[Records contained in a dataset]
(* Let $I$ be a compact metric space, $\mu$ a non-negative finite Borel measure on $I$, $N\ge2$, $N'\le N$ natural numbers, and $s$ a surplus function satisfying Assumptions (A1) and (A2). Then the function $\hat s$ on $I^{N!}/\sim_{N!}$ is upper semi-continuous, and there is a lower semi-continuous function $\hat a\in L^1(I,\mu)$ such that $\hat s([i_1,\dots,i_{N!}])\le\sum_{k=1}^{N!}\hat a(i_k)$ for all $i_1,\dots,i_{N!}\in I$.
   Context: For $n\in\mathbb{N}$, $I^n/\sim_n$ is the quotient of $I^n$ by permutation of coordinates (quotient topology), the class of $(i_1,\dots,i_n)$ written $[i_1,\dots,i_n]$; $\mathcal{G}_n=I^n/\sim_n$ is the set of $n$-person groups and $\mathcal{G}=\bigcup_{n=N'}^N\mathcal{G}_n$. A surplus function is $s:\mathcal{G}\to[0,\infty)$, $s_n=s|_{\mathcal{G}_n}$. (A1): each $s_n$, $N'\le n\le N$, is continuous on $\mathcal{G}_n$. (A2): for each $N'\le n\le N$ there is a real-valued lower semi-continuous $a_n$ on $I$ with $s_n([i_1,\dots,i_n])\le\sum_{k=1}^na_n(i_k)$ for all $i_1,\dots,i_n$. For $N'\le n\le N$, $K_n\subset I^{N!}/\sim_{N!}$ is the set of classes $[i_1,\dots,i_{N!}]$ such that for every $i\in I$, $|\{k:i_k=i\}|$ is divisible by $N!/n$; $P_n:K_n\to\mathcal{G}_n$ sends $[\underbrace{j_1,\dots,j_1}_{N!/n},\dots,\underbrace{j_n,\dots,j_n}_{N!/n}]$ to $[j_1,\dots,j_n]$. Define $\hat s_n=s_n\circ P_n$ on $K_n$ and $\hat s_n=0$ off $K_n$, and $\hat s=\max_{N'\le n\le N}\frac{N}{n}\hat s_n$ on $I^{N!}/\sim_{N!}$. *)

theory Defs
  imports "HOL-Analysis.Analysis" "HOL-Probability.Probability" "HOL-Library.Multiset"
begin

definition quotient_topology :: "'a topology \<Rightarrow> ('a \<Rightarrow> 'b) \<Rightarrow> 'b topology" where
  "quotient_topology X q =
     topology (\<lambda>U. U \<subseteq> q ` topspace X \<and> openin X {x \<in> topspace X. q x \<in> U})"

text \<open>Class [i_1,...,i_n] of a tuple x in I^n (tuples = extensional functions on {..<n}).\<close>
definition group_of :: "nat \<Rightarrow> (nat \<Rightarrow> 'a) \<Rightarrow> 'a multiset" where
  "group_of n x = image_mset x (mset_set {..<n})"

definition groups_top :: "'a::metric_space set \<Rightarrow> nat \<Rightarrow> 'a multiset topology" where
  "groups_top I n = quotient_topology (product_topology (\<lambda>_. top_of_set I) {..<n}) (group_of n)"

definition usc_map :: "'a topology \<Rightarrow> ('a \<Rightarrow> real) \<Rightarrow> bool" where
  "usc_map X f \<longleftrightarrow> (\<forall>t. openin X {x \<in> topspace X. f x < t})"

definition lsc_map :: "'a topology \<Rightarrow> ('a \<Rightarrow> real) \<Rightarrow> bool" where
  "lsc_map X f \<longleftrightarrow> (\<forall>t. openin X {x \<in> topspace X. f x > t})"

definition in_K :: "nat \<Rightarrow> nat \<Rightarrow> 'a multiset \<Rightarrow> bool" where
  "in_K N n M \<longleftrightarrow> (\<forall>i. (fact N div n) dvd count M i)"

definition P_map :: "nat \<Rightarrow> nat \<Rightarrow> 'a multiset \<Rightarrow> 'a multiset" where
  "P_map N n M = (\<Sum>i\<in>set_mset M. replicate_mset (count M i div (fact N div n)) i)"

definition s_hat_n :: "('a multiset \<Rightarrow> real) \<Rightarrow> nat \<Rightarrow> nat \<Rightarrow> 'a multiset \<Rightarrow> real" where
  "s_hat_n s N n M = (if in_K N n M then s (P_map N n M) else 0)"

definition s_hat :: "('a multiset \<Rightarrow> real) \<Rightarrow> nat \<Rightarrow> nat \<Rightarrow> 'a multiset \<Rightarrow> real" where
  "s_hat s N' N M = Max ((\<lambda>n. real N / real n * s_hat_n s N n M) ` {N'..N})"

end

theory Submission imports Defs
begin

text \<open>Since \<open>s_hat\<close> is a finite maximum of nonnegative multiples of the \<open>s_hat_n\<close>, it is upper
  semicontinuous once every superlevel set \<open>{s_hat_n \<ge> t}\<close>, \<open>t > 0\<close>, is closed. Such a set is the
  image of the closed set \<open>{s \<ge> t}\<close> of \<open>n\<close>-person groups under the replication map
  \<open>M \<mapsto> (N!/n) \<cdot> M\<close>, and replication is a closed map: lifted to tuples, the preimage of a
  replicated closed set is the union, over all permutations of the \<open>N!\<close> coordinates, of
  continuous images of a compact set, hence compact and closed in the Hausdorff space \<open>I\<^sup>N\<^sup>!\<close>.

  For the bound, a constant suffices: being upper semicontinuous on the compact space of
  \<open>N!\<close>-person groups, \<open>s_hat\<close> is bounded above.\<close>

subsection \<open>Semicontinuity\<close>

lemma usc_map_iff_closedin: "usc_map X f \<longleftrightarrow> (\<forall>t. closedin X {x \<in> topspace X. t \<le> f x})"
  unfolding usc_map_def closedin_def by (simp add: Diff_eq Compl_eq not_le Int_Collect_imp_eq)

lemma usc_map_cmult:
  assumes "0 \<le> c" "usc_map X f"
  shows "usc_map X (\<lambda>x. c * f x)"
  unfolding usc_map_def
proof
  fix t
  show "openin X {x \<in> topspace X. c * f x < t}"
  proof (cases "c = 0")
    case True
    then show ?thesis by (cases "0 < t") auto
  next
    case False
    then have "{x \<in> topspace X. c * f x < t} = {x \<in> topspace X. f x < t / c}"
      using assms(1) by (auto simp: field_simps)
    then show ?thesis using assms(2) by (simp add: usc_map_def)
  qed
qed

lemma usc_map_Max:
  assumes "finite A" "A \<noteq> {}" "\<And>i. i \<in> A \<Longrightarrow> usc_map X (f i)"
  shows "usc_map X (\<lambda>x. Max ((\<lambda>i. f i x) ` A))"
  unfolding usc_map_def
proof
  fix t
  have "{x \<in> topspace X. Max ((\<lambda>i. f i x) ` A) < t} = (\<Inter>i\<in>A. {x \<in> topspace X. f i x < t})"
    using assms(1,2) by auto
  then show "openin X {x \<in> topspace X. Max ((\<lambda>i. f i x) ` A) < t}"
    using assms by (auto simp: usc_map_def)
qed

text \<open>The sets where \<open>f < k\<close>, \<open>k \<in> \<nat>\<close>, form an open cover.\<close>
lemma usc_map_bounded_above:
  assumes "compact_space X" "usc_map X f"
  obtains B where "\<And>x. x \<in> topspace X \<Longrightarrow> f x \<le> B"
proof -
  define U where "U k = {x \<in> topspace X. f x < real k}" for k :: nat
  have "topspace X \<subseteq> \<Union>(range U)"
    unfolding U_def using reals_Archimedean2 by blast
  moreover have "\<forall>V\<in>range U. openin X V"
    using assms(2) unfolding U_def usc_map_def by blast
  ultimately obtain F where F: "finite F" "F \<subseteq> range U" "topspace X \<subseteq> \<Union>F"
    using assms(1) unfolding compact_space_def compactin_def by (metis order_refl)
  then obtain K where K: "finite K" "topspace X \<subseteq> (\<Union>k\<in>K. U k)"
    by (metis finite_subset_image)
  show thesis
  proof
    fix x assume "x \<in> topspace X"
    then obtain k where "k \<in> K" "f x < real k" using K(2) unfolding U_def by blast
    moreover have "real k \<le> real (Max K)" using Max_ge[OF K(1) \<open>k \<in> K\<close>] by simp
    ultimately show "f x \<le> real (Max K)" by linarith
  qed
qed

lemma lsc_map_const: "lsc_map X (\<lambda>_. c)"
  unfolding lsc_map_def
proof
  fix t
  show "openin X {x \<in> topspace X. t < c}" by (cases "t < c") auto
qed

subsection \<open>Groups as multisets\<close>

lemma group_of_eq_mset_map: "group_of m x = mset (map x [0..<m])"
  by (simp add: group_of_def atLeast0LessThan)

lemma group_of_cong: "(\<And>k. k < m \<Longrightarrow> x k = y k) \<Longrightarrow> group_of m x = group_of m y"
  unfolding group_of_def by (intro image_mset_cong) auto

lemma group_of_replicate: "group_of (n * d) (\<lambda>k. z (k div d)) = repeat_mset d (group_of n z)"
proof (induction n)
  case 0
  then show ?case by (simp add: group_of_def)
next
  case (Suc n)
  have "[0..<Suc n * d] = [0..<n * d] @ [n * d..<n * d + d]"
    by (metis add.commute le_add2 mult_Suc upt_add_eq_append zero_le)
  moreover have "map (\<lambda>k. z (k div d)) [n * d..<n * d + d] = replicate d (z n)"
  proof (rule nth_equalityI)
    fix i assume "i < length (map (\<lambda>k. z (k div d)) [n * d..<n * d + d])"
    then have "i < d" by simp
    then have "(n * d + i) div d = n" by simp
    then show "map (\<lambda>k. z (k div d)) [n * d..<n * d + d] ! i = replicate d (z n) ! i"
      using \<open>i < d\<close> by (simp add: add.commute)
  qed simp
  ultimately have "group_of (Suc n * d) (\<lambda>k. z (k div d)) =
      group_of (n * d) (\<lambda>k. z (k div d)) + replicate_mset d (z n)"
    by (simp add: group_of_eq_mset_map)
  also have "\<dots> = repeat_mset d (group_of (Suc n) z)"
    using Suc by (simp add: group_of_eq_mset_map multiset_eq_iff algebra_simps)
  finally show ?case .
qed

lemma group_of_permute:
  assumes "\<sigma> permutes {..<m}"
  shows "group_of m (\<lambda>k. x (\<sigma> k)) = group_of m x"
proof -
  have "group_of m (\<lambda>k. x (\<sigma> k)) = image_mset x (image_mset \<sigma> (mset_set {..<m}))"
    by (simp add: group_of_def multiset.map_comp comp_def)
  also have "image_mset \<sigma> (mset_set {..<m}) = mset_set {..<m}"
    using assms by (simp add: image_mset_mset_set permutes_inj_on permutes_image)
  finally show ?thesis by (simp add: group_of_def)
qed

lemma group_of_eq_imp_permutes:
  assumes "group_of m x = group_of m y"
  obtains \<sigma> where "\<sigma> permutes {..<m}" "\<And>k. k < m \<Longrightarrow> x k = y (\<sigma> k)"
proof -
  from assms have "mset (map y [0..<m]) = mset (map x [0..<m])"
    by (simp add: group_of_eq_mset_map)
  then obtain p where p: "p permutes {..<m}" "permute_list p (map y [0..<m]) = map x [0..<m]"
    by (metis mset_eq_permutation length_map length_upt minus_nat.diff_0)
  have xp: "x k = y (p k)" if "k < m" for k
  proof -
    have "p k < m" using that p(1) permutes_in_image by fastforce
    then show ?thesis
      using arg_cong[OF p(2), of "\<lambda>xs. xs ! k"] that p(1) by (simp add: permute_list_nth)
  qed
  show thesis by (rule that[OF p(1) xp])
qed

ACTION ITEM: Copy only this part of the entries above: the line with "K\<close>] by simp", the line with "using Suc by", and the lines between, all exactly as written.

TASK RESULT:
    moreover have "real k \<le> real (Max K)" using Max_ge[OF K(1) \<open>k \<in> K\<close>] by simp
    ultimately show "f x \<le> real (Max K)" by linarith
  qed
qed

lemma lsc_map_const: "lsc_map X (\<lambda>_. c)"
  unfolding lsc_map_def
proof
  fix t
  show "openin X {x \<in> topspace X. t < c}" by (cases "t < c") auto
qed

subsection \<open>Groups as multisets\<close>

lemma group_of_eq_mset_map: "group_of m x = mset (map x [0..<m])"
  by (simp add: group_of_def atLeast0LessThan)

lemma group_of_cong: "(\<And>k. k < m \<Longrightarrow> x k = y k) \<Longrightarrow> group_of m x = group_of m y"
  unfolding group_of_def by (intro image_mset_cong) auto

lemma group_of_replicate: "group_of (n * d) (\<lambda>k. z (k div d)) = repeat_mset d (group_of n z)"
proof (induction n)
  case 0
  then show ?case by (simp add: group_of_def)
next
  case (Suc n)
  have "[0..<Suc n * d] = [0..<n * d] @ [n * d..<n * d + d]"
    by (metis add.commute le_add2 mult_Suc upt_add_eq_append zero_le)
  moreover have "map (\<lambda>k. z (k div d)) [n * d..<n * d + d] = replicate d (z n)"
  proof (rule nth_equalityI)
    fix i assume "i < length (map (\<lambda>k. z (k div d)) [n * d..<n * d + d])"
    then have "i < d" by simp
    then have "(n * d + i) div d = n" by simp
    then show "map (\<lambda>k. z (k div d)) [n * d..<n * d + d] ! i = replicate d (z n) ! i"
      using \<open>i < d\<close> by (simp add: add.commute)
  qed simp
  ultimately have "group_of (Suc n * d) (\<lambda>k. z (k div d)) =
      group_of (n * d) (\<lambda>k. z (k div d)) + replicate_mset d (z n)"
    by (simp add: group_of_eq_mset_map)
  also have "\<dots> = repeat_mset d (group_of (Suc n) z)"
    using Suc by (simp add: group_of_eq_mset_map multiset_eq_iff algebra_simps)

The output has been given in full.